To legitimize their total takeover of Germany’s political and social institutions, the Nazis exploited constitutional loopholes and carried out illegal actions under a pretense of legality, namely the Reichstag fire act and the Enabling Act. These legal maneuvers allowed Hitler to neutralize opposition while maintaining an illusion of procedural legitimacy, further weakening resistance from both domestic and foreign critics. “As with the Reichstag fire decree,” the Enabling Act was “a temporary piece of emergency legislation with some limited precedents in the Weimar period now became the legal, or pseudo-legal basis for the permanent removal of civil rights and democratic liberties” (354). While Evans also argues that “Germany was well on the way to becoming a dictatorship even before the Reichstag fire decree and the elections of 5 March 1933” (349), it was their ability to subjugate not just the political system but also civil society—including labor unions, religious institutions, and cultural organizations—that cemented the Nazi regime’s authority. These steps made Nazi Germany a totalitarian state shaped in the image of the Nazis’ racial ideology and social and cultural ideals: “By bringing Germany into line, the new regime wanted to make it amenable to indoctrination and re-education according to the principles of National Socialism” (389).
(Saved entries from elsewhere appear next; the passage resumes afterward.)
(* Let $(K,d_K)$ be an acyclic graded-commutative dg-algebra and let $(A,d_A)$ be a dg-algebra over $(K,d_K)$. Then the map $\alpha:\ker(d_A)\otimes_{\ker(d_K)}K\to A$, $a\otimes x\mapsto ax$, is an isomorphism of dg-algebras, where $\ker(d_A)\otimes_{\ker(d_K)}K$ carries the differential $a\otimes x\mapsto(-1)^{|a|}a\otimes d_K(x)$.
   Context: Dg-algebra: $\mathbb Z$-graded algebra with degree-$1$ map $d$, $d^2=0$, $d(ab)=d(a)b+(-1)^{|a|}a\,d(b)$. Acyclic means the cohomology $H(K,d_K)=\ker(d_K)/\mathrm{im}(d_K)$ vanishes. Graded-commutative: $xy=(-1)^{|x||y|}yx$ for homogeneous $x,y$. Graded centre $Z_{gr}(A)$: spanned by homogeneous $z$ with $za=(-1)^{|z||a|}az$. A dg-algebra over $(K,d_K)$ is a dg-algebra $(A,d_A)$ with a degree-$0$ graded ring homomorphism $K\to Z_{gr}(A)$ commuting with differentials. The tensor product algebra uses $(a\otimes x)(b\otimes y)=(-1)^{|x||b|}ab\otimes xy$. *)

theory Defs
  imports Main "HOL-Library.Poly_Mapping"
begin

definition gsign :: "int \<Rightarrow> 'a::ring_1" where
  "gsign n = (if even n then 1 else - 1)"

(* A Z-grading of a ring 'a: gr n is the homogeneous component of degree n;
   'a is the internal direct sum of the gr n and gr m * gr n \<subseteq> gr (m+n). *)
definition graded :: "(int \<Rightarrow> 'a::ring_1 set) \<Rightarrow> bool" where
  "graded gr \<longleftrightarrow>
     (\<forall>n. 0 \<in> gr n \<and> (\<forall>x\<in>gr n. \<forall>y\<in>gr n. x + y \<in> gr n) \<and> (\<forall>x\<in>gr n. - x \<in> gr n)) \<and>
     (\<forall>m n x y. x \<in> gr m \<longrightarrow> y \<in> gr n \<longrightarrow> x * y \<in> gr (m + n)) \<and>
     1 \<in> gr 0 \<and>
     (\<forall>x. \<exists>!f. finite {n. f n \<noteq> 0} \<and> (\<forall>n. f n \<in> gr n) \<and> x = (\<Sum>n | f n \<noteq> 0. f n))"

definition comp :: "(int \<Rightarrow> 'a::ring_1 set) \<Rightarrow> int \<Rightarrow> 'a \<Rightarrow> 'a" where
  "comp gr n x = (THE f. finite {n. f n \<noteq> 0} \<and> (\<forall>n. f n \<in> gr n) \<and> x = (\<Sum>n | f n \<noteq> 0. f n)) n"

definition degs :: "(int \<Rightarrow> 'a::ring_1 set) \<Rightarrow> 'a \<Rightarrow> int set" where
  "degs gr x = {n. comp gr n x \<noteq> 0}"

definition dg_algebra :: "(int \<Rightarrow> 'a::ring_1 set) \<Rightarrow> ('a \<Rightarrow> 'a) \<Rightarrow> bool" where
  "dg_algebra gr d \<longleftrightarrow> graded gr \<and>
     (\<forall>x y. d (x + y) = d x + d y) \<and>
     (\<forall>n x. x \<in> gr n \<longrightarrow> d x \<in> gr (n + 1)) \<and>
     (\<forall>x. d (d x) = 0) \<and>
     (\<forall>n a b. a \<in> gr n \<longrightarrow> d (a * b) = d a * b + gsign n * (a * d b))"

definition acyclic :: "('a::ring_1 \<Rightarrow> 'a) \<Rightarrow> bool" where
  "acyclic d \<longleftrightarrow> (\<forall>x. d x = 0 \<longrightarrow> (\<exists>y. x = d y))"

definition graded_commutative :: "(int \<Rightarrow> 'a::ring_1 set) \<Rightarrow> bool" where
  "graded_commutative gr \<longleftrightarrow>
     (\<forall>m n x y. x \<in> gr m \<longrightarrow> y \<in> gr n \<longrightarrow> x * y = gsign (m * n) * (y * x))"

inductive_set gr_centre :: "(int \<Rightarrow> 'a::ring_1 set) \<Rightarrow> 'a set" for gr where
  zero: "0 \<in> gr_centre gr"
| gen: "z \<in> gr n \<Longrightarrow> (\<And>m a. a \<in> gr m \<Longrightarrow> z * a = gsign (n * m) * (a * z)) \<Longrightarrow> z \<in> gr_centre gr"
| add: "z \<in> gr_centre gr \<Longrightarrow> w \<in> gr_centre gr \<Longrightarrow> z + w \<in> gr_centre gr"

definition dg_algebra_over ::
  "(int \<Rightarrow> 'k::ring_1 set) \<Rightarrow> ('k \<Rightarrow> 'k) \<Rightarrow> (int \<Rightarrow> 'a::ring_1 set) \<Rightarrow> ('a \<Rightarrow> 'a) \<Rightarrow> ('k \<Rightarrow> 'a) \<Rightarrow> bool" where
  "dg_algebra_over grK dK grA dA phi \<longleftrightarrow> dg_algebra grK dK \<and> dg_algebra grA dA \<and>
     (\<forall>x y. phi (x + y) = phi x + phi y) \<and> (\<forall>x y. phi (x * y) = phi x * phi y) \<and> phi 1 = 1 \<and>
     (\<forall>n x. x \<in> grK n \<longrightarrow> phi x \<in> grA n) \<and>
     (\<forall>x. phi x \<in> gr_centre grA) \<and>
     (\<forall>x. phi (dK x) = dA (phi x))"

(* Tensor product ker(dA) \<otimes>_{ker(dK)} K, realised as the free abelian group on pairs
   (a,x) with a \<in> ker dA, x \<in> K (type ('a \<times> 'k) \<Rightarrow>\<^sub>0 int, domain tens_dom) modulo the
   subgroup tens_rel generated by the bilinearity and balancing relations.
   ker dA is a right ker(dK)-module via a\<cdot>r = a * phi r, K a left one by multiplication. *)
definition tens_dom :: "('a::ring_1 \<Rightarrow> 'a) \<Rightarrow> (('a \<times> 'k) \<Rightarrow>\<^sub>0 int) set" where
  "tens_dom dA = {t. Poly_Mapping.keys t \<subseteq> {a. dA a = 0} \<times> UNIV}"

inductive_set tens_rel ::
  "('k::ring_1 \<Rightarrow> 'k) \<Rightarrow> ('a::ring_1 \<Rightarrow> 'a) \<Rightarrow> ('k \<Rightarrow> 'a) \<Rightarrow> (('a \<times> 'k) \<Rightarrow>\<^sub>0 int) set"
  for dK dA phi where
  add_left: "dA a = 0 \<Longrightarrow> dA a' = 0 \<Longrightarrow>
     frag_of (a + a', x) - frag_of (a, x) - frag_of (a', x) \<in> tens_rel dK dA phi"
| add_right: "dA a = 0 \<Longrightarrow>
     frag_of (a, x + x') - frag_of (a, x) - frag_of (a, x') \<in> tens_rel dK dA phi"
| balanced: "dA a = 0 \<Longrightarrow> dK r = 0 \<Longrightarrow>
     frag_of (a * phi r, x) - frag_of (a, r * x) \<in> tens_rel dK dA phi"
| zero: "0 \<in> tens_rel dK dA phi"
| diff: "t \<in> tens_rel dK dA phi \<Longrightarrow> s \<in> tens_rel dK dA phi \<Longrightarrow> t - s \<in> tens_rel dK dA phi"

definition tens_alpha :: "('k \<Rightarrow> 'a::ring_1) \<Rightarrow> (('a \<times> 'k) \<Rightarrow>\<^sub>0 int) \<Rightarrow> 'a" where
  "tens_alpha phi t = (\<Sum>p\<in>Poly_Mapping.keys t. of_int (Poly_Mapping.lookup t p) * (fst p * phi (snd p)))"

(* differential on the tensor product: a \<otimes> x \<mapsto> (-1)^|a| a \<otimes> dK x (for homogeneous a),
   extended additively *)
definition tens_diff ::
  "(int \<Rightarrow> 'a::ring_1 set) \<Rightarrow> ('k \<Rightarrow> 'k) \<Rightarrow> (('a \<times> 'k) \<Rightarrow>\<^sub>0 int) \<Rightarrow> (('a \<times> 'k) \<Rightarrow>\<^sub>0 int)" where
  "tens_diff grA dK t = frag_extend (\<lambda>p.
      \<Sum>n\<in>degs grA (fst p). frag_cmul (gsign n) (frag_of (comp grA n (fst p), dK (snd p)))) t"

(* product on the tensor product: (a \<otimes> x)(b \<otimes> y) = (-1)^(|x||b|) ab \<otimes> xy (homogeneous x, b),
   extended biadditively *)
definition tens_mult ::
  "(int \<Rightarrow> 'k::ring_1 set) \<Rightarrow> (int \<Rightarrow> 'a::ring_1 set) \<Rightarrow>
   (('a \<times> 'k) \<Rightarrow>\<^sub>0 int) \<Rightarrow> (('a \<times> 'k) \<Rightarrow>\<^sub>0 int) \<Rightarrow> (('a \<times> 'k) \<Rightarrow>\<^sub>0 int)" where
  "tens_mult grK grA t s = frag_extend (\<lambda>p. frag_extend (\<lambda>q.
      \<Sum>i\<in>degs grK (snd p). \<Sum>j\<in>degs grA (fst q).
        frag_cmul (gsign (i * j)) (frag_of (fst p * comp grA j (fst q), comp grK i (snd p) * snd q))) s) t"

definition tens_one :: "('a::ring_1 \<times> 'k::ring_1) \<Rightarrow>\<^sub>0 int" where
  "tens_one = frag_of (1, 1)"

definition tens_gr ::
  "(int \<Rightarrow> 'k::ring_1 set) \<Rightarrow> (int \<Rightarrow> 'a::ring_1 set) \<Rightarrow> ('a \<Rightarrow> 'a) \<Rightarrow> int \<Rightarrow> (('a \<times> 'k) \<Rightarrow>\<^sub>0 int) set" where
  "tens_gr grK grA dA n =
     {t. Poly_Mapping.keys t \<subseteq> {(a, x). dA a = 0 \<and> (\<exists>p. a \<in> grA p \<and> x \<in> grK (n - p))}}"

end

theory Submission
  imports Defs
begin

text \<open>Acyclicity of \<open>K\<close> yields \<open>h \<in> K\<^sup>-\<^sup>1\<close> with \<open>d h = 1\<close>. By the Leibniz rule and graded
  commutativity every homogeneous \<open>x \<in> K\<close> splits as \<open>x = d(hx) \<plusminus> d(x) h\<close> with cycle
  coefficients, so modulo the tensor relations every element of \<open>ker(d\<^sub>A) \<otimes> K\<close> has the form
  \<open>b \<otimes> 1 + c \<otimes> h\<close> with cycles \<open>b, c\<close>. Its image is \<open>b + c e\<close>, where \<open>e = \<phi>(h)\<close> satisfies
  \<open>d e = 1\<close>. If the image vanishes, \<open>c e = -b\<close> is a cycle; but for a cycle \<open>c\<close> the Leibniz rule
  gives \<open>d(c e) = \<Sum>\<^sub>n \<plusminus>c\<^sub>n\<close>, so \<open>c = 0\<close> and then \<open>b = 0\<close>. Surjectivity comes from the same
  identity: \<open>a = \<Sum>\<^sub>n \<plusminus>(d(a\<^sub>n e) - d(a\<^sub>n) e)\<close> for the homogeneous components \<open>a\<^sub>n\<close> of \<open>a\<close>.\<close>

section \<open>Graded rings\<close>

lemma
  assumes "graded gr"
  shows graded_zero: "0 \<in> gr n"
    and graded_add: "x \<in> gr n \<Longrightarrow> y \<in> gr n \<Longrightarrow> x + y \<in> gr n"
    and graded_uminus: "x \<in> gr n \<Longrightarrow> - x \<in> gr n"
    and graded_mult: "x \<in> gr m \<Longrightarrow> y \<in> gr k \<Longrightarrow> x * y \<in> gr (m + k)"
    and graded_one: "1 \<in> gr 0"
proof -
  note g = assms[unfolded graded_def]
  have additive: "\<forall>n. 0 \<in> gr n \<and> (\<forall>x\<in>gr n. \<forall>y\<in>gr n. x + y \<in> gr n) \<and> (\<forall>x\<in>gr n. - x \<in> gr n)"
    using g by (rule conjunct1)
  have multiplicative: "\<forall>m n x y. x \<in> gr m \<longrightarrow> y \<in> gr n \<longrightarrow> x * y \<in> gr (m + n)"
    using g by (rule conjunct1[OF conjunct2])
  show "1 \<in> gr 0" using g by (rule conjunct1[OF conjunct2[OF conjunct2]])
  show "0 \<in> gr n" "x \<in> gr n \<Longrightarrow> y \<in> gr n \<Longrightarrow> x + y \<in> gr n" "x \<in> gr n \<Longrightarrow> - x \<in> gr n"
    using additive by blast+
  show "x \<in> gr m \<Longrightarrow> y \<in> gr k \<Longrightarrow> x * y \<in> gr (m + k)" using multiplicative by blast
qed

lemma graded_decomposition_ex1:
  "graded gr \<Longrightarrow> \<exists>!f. finite {n. f n \<noteq> 0} \<and> (\<forall>n. f n \<in> gr n) \<and> x = (\<Sum>n | f n \<noteq> 0. f n)"
  unfolding graded_def by (drule conjunct2[OF conjunct2[OF conjunct2]]) (erule spec)

lemma
  assumes "graded gr"
  shows finite_degs: "finite (degs gr x)"
    and comp_in_graded: "comp gr n x \<in> gr n"
    and sum_comp: "(\<Sum>n\<in>degs gr x. comp gr n x) = x"
proof -
  let ?P = "\<lambda>f. finite {n. f n \<noteq> 0} \<and> (\<forall>n. f n \<in> gr n) \<and> x = (\<Sum>n | f n \<noteq> 0. f n)"
  have P: "?P (\<lambda>n. comp gr n x)"
    unfolding comp_def using theI'[OF graded_decomposition_ex1[OF assms]] .
  then show "finite (degs gr x)" "comp gr n x \<in> gr n" "(\<Sum>n\<in>degs gr x. comp gr n x) = x"
    unfolding degs_def by auto
qed

lemma comp_eqI:
  assumes "graded gr" "finite S" "\<And>n. f n \<in> gr n" "\<And>n. n \<notin> S \<Longrightarrow> f n = 0" "x = (\<Sum>n\<in>S. f n)"
  shows "comp gr n x = f n"
proof -
  let ?P = "\<lambda>f. finite {n. f n \<noteq> 0} \<and> (\<forall>n. f n \<in> gr n) \<and> x = (\<Sum>n | f n \<noteq> 0. f n)"
  have sub: "{n. f n \<noteq> 0} \<subseteq> S" using assms(4) by blast
  have "?P f"
  proof (intro conjI)
    show "finite {n. f n \<noteq> 0}" using finite_subset[OF sub assms(2)] .
    show "\<forall>n. f n \<in> gr n" using assms(3) by blast
    show "x = (\<Sum>n | f n \<noteq> 0. f n)" unfolding assms(5)
      by (rule sum.mono_neutral_right[OF assms(2) sub]) blast
  qed
  then have "(THE f. ?P f) = f" by (rule the1_equality[OF graded_decomposition_ex1[OF assms(1)]])
  then show ?thesis unfolding comp_def by simp
qed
While the Nazis did not come into power with popular support, they built their regime on deeply rooted prejudices and anxieties that they manipulated for political gain. The Nazis continued The Exploitation of Social Divisions and Cultural Anxieties to achieve their aims. One example was how they exploited existing eugenic, antisemitic, and racist attitudes. Another was growing hostility toward the poor: “Poverty and destitution, already stigmatized before 1933, were now beginning to be criminalized as well” (379). By portraying marginalized groups as a drain on the nation’s resources, the Nazis legitimized their increasingly extreme policies, from forced sterilization to mass internment. One more important example was how middle-class fear of Communism justified Nazi violence and oppression and allowed the Nazis to leverage anxiety and anger over socialism and Communism to gain support and funding from major businesses. While political missteps like the “failure to mount any effective opposition to the Papen coup of 20 July 1932” (361) enabled the Nazis to seize power, existing social, cultural, and scientific precedents made it easier for the Nazis to shape Germany to their liking.


Ultimately, Evans’s analysis emphasizes that authoritarian regimes do not simply take power—they are enabled by both legal loopholes and public indifference. The Nazis mastered the art of political maneuvering, exploiting weaknesses in democratic institutions while simultaneously reshaping social attitudes to normalize oppression. Their success underscores how dangerous it is to assume that democratic norms will hold without active resistance. By methodically dismantling the opposition and reconfiguring society to align with their ideology, the Nazis turned a once-divided Germany into a state where dissent was nearly impossible. Evans demonstrates how the Nazis’ methodical dismantling of opposition, combined with the exploitation of pre-existing social divisions, allowed them to reshape Germany into a state where resistance became nearly impossible, ensuring their ideological domination.